The ephemeral messaging service and A+E have inked a deal to develop shows for Snapchat’s Discover platform, starting with an unscripted show that is not based on an existing television brand or franchise.
The series, called Second Chance, will premiere on Snapchat in April with eight weekly episodes that are available to users in the U.S., U.K., Canada and Australia. Produced by A+E Networks’ “digital storytelling hub” 45th & Dean, the series is a reality show that brings exes together to seek closure.
Going forward, A+E will develop other shows from both existing brands from its networks, such as A&E, Lifetime, History and FYI, in addition to other new concepts.
This follows previous content produced for Snapchat based on existing shows, such as ABC’s The Bachelor, NBC’s The Voice, Fallon and E!’s The Rundown and ESPN’s Game Day. Snap is also working on other scripted and unscripted series with networks such as NBC, Turner and ABC.

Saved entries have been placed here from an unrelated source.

lemma upper_tail_second_moment:
  fixes m :: nat
  assumes "\<mu> \<le> m"
  shows "real n * (\<Sum>j=m..k. (real j - m)\<^sup>2 * P j)
         \<le> (real i - \<mu>) * (real k - \<mu>) * (\<Sum>j=m..k. P j)"
proof -
  have Stein_tail: "(\<Sum>j=m..k. (real n * j - real i * k) * (real j - m) * P j)
                    = (\<Sum>j=m..k. (real i - j) * (real k - j) * P j)"
  proof -
    have "0 = (\<Sum>j=m..k. (real i - j) * (real k - j) * (real (Suc j) - m) * P j
                         - real j * (real n - i - k + j) * (real j - m) * P j)"
      using Stein_sum[of m "\<lambda>j. real j - m"] by (simp add: sum_subtractf)
    also have "\<dots> = (\<Sum>j=m..k. (real i - j) * (real k - j) * P j
                                 - (real n * j - real i * k) * (real j - m) * P j)"
      by (intro sum.cong) (simp_all add: algebra_simps)
    finally show ?thesis
      by (simp add: sum_subtractf)
  qed
  have "real n * (\<Sum>j=m..k. (real j - m)\<^sup>2 * P j)
        = (\<Sum>j=m..k. real n * (real j - m) * (real j - m) * P j)"
    by (simp add: sum_distrib_left power2_eq_square mult.assoc)
  also have "\<dots> \<le> (\<Sum>j=m..k. (real n * j - real i * k) * (real j - m) * P j)"
  proof (rule sum_mono)
    fix j assume "j \<in> {m..k}"
    moreover have "real n * (real j - m) \<le> real n * j - real i * k"
      using mean_eq assms mult_left_mono[OF assms, of n] by (simp add: algebra_simps)
    ultimately show "real n * (real j - m) * (real j - m) * P j
                     \<le> (real n * j - real i * k) * (real j - m) * P j"
      by (intro mult_right_mono) auto
  qed
  also have "\<dots> = (\<Sum>j=m..k. (real i - j) * (real k - j) * P j)"
    by (fact Stein_tail)
  also have "\<dots> \<le> (\<Sum>j=m..k. (real i - \<mu>) * (real k - \<mu>) * P j)"
  proof (rule sum_mono)
    fix j assume j: "j \<in> {m..k}"
    show "(real i - j) * (real k - j) * P j \<le> (real i - \<mu>) * (real k - \<mu>) * P j"
    proof (cases "j \<le> i")
      case True
      with j assms show ?thesis
        by (intro mult_right_mono mult_mono) auto
    qed (simp add: pmf_hyp_pmf_eq_0)
  qed
  also have "\<dots> = (real i - \<mu>) * (real k - \<mu>) * (\<Sum>j=m..k. P j)"
    by (simp add: sum_distrib_left)
  finally show ?thesis .
qed

lemma upper_cond_mean_le:
  assumes "0 < n"
  shows "hyp_upper_cond_mean n i k
         \<le> of_int \<lceil>\<mu>\<rceil> + sqrt ((real i - \<mu>) * (real k - \<mu>) / n)"
proof -
  define m where "m = nat \<lceil>\<mu>\<rceil>"
  define A where "A = {j. \<mu> \<le> real j}"
  define q where "q = (\<Sum>j=m..k. P j)"
  have "0 \<le> \<mu>"
    unfolding hyp_mean_def expectation_hyp_pmf by (intro sum_nonneg) auto
  then have m: "real m = of_int \<lceil>\<mu>\<rceil>"
    by (simp add: m_def)
  have A_Int: "{..k} \<inter> A = {m..k}"
    using \<open>0 \<le> \<mu>\<close> by (auto simp: A_def m_def ceiling_le_iff nat_le_iff)
  have A_hit: "set_pmf (hyp_pmf n i k) \<inter> A \<noteq> {}"
    using exists_set_pmf_ge_expectation[OF finite_set_pmf_hyp_pmf, of real]
    by (auto simp: A_def hyp_mean_def)
  moreover have prob_A: "measure_pmf.prob (hyp_pmf n i k) A = q"
    using measure_pmf_eq_sum_Int[of "{..k}"] set_pmf_hyp_pmf_atMost_k A_Int
    by (auto simp: q_def)
  ultimately have "0 < q"
    by (metis IntE ex_in_conv measure_pmf_posI)
  have "hyp_upper_cond_mean n i k
        = (\<Sum>j\<in>{..k} \<inter> A. real j * P j) / measure_pmf.prob (hyp_pmf n i k) A"
    unfolding hyp_upper_cond_mean_def A_def[symmetric]
    by (rule expectation_cond_pmf_eq_sum[OF _ set_pmf_hyp_pmf_atMost_k A_hit]) simp
  also have "\<dots> = (\<Sum>j=m..k. real j * P j) / q"
    by (simp only: A_Int prob_A)
  also have "\<dots> = m + (\<Sum>j=m..k. (real j - m) * P j) / q"
  proof -
    have "(\<Sum>j=m..k. real j * P j) = m * q + (\<Sum>j=m..k. (real j - m) * P j)"
      by (simp add: q_def sum_distrib_left algebra_simps sum_subtractf)
    with \<open>0 < q\<close> show ?thesis
      by (simp add: field_simps)
  qed
  also have "\<dots> \<le> m + sqrt ((\<Sum>j=m..k. (real j - m)\<^sup>2 * P j) / q)"
    using weighted_mean_le_sqrt_weighted_mean_square[of "{m..k}" P] \<open>0 < q\<close>
    by (simp add: q_def)
  also have "\<dots> \<le> m + sqrt ((real i - \<mu>) * (real k - \<mu>) / n)"
    using upper_tail_second_moment[of m] \<open>0 < q\<close> assms m
    by (auto simp: q_def divide_simps mult.commute intro!: real_sqrt_le_mono)
  finally show ?thesis
    by (simp add: m)
qed

end

theorem theorem5:
  fixes n i k :: nat
  assumes "0 < n" and "1 \<le> i" and "i \<le> n" and "1 \<le> k" and "k < n"
  shows "hyp_upper_cond_mean n i k
           \<le> of_int \<lceil>hyp_mean n i k\<rceil>
              + sqrt (hyp_var n i k * (real n - 1) / (real n - real k) + 1)"
proof -
  interpret hypergeometric n i k
    using assms by unfold_locales auto
  have "0 \<le> hyp_var n i k"
    unfolding hyp_var_def by (rule measure_pmf.variance_positive)
  then have "0 \<le> (real i - \<mu>) * (real k - \<mu>)"
    using assms(1) by (simp flip: variance_eq)
  then have "(real i - \<mu>) * (real k - \<mu>) / n
             \<le> (real i - \<mu>) * (real k - \<mu>) / (real n - real k)"
    using assms by (intro divide_left_mono) auto
  also have "\<dots> = hyp_var n i k * (real n - 1) / (real n - real k)"
    by (simp add: variance_eq[symmetric] mult.commute)
  finally have "sqrt ((real i - \<mu>) * (real k - \<mu>) / n)
                \<le> sqrt (hyp_var n i k * (real n - 1) / (real n - real k) + 1)"
    by (intro real_sqrt_le_mono) linarith
  with upper_cond_mean_le[OF assms(1)] show ?thesis
    by linarith
qed

end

“A+E’s investment in mobile storytelling is exactly what Snapchat Shows are all about: The ability to create premium and wholly original content for a mobile-first audience from some of the best storytellers in the world,” said Snap vice president of content Nick Bell. “We are excited to break new ground with A+E Networks on our first unscripted series, with a concept that we think is raw and relatable.”
Snapchat rival Facebook has also been pushing video — both video ads and content — on its platform, with Facebook Live debuting on Facebook in April, followed by Instagram Live coming to Instagram Stories in November.
Snapchat is looking to attract more advertising as it gears up for its initial public offering this spring with the New York Stock Exchange.
Snapchat makes its money from advertising and has been working to establish longer-term advertising commitments from brands and grow its user base. Still, most advertisers do not have long-term advertising commitments with Snapchat. The company’s revenues were $404.5 million last year, up from $58.7 million in 2015.